Exercise details
Where in the data below does the word "subseteq" appear? Copy every line that has it.

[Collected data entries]
════════
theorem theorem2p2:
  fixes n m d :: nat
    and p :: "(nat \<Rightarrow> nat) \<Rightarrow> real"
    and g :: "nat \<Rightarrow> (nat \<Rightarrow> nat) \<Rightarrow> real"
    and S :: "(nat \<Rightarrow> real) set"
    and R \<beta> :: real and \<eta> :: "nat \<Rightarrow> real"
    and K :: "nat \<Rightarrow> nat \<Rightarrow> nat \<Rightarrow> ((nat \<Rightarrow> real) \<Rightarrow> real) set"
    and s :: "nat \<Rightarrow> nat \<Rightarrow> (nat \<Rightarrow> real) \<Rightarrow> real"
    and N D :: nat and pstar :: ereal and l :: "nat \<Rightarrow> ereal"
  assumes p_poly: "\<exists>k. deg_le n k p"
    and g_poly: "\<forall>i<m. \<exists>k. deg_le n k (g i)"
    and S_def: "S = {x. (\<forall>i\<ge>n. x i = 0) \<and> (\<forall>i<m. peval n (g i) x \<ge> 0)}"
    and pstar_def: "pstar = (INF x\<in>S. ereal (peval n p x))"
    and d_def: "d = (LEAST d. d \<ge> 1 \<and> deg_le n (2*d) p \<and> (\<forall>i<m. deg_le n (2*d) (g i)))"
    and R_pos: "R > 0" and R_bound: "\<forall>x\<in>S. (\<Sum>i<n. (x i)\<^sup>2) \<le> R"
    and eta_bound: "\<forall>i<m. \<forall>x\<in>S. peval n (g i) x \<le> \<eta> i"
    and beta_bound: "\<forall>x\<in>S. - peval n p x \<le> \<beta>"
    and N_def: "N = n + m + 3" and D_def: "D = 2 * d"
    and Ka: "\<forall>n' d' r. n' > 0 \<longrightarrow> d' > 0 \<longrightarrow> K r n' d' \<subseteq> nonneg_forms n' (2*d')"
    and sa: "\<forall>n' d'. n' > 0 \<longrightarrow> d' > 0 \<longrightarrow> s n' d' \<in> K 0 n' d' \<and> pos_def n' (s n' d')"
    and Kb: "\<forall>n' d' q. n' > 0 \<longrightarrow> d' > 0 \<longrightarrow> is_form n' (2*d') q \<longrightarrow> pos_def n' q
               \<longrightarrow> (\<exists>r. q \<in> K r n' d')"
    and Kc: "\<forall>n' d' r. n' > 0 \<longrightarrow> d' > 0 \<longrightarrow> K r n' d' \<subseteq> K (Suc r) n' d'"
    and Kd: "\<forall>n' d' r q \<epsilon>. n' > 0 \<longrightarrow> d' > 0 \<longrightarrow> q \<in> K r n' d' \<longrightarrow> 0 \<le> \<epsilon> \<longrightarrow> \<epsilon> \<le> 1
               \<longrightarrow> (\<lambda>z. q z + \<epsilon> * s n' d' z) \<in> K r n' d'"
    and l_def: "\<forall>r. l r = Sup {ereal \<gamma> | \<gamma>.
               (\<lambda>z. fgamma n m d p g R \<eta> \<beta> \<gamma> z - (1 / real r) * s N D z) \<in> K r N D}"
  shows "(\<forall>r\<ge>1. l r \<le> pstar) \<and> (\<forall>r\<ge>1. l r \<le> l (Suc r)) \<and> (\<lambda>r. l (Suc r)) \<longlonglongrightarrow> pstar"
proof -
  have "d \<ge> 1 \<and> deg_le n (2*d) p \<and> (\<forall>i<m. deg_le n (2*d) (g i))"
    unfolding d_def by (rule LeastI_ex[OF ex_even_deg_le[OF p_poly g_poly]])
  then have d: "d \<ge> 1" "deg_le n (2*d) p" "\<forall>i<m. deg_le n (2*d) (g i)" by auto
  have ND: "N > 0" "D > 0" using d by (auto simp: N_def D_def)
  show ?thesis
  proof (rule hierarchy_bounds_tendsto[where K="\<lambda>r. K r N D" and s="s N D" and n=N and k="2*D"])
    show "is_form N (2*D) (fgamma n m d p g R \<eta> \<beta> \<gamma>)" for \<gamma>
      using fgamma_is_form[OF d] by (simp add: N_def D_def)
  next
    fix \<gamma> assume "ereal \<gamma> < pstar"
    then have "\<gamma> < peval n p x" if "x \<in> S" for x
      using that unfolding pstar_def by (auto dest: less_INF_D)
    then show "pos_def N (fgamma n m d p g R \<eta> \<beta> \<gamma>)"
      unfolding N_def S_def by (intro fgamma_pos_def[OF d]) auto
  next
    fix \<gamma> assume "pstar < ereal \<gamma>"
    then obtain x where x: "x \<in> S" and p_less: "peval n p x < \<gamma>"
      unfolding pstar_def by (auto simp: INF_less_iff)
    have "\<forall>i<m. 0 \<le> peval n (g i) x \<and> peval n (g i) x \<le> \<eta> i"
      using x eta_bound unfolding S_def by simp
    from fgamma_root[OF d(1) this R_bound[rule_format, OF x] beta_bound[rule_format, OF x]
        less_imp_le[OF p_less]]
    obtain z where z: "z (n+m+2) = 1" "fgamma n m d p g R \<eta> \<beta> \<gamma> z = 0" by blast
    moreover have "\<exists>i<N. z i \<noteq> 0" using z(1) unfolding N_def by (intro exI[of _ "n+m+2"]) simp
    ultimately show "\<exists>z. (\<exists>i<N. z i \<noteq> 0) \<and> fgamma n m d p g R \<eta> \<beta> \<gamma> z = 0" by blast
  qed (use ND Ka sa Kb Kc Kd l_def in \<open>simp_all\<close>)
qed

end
════════
Response to the task
    and Ka: "\<forall>n' d' r. n' > 0 \<longrightarrow> d' > 0 \<longrightarrow> K r n' d' \<subseteq> nonneg_forms n' (2*d')"
    and Kc: "\<forall>n' d' r. n' > 0 \<longrightarrow> d' > 0 \<longrightarrow> K r n' d' \<subseteq> K (Suc r) n' d'"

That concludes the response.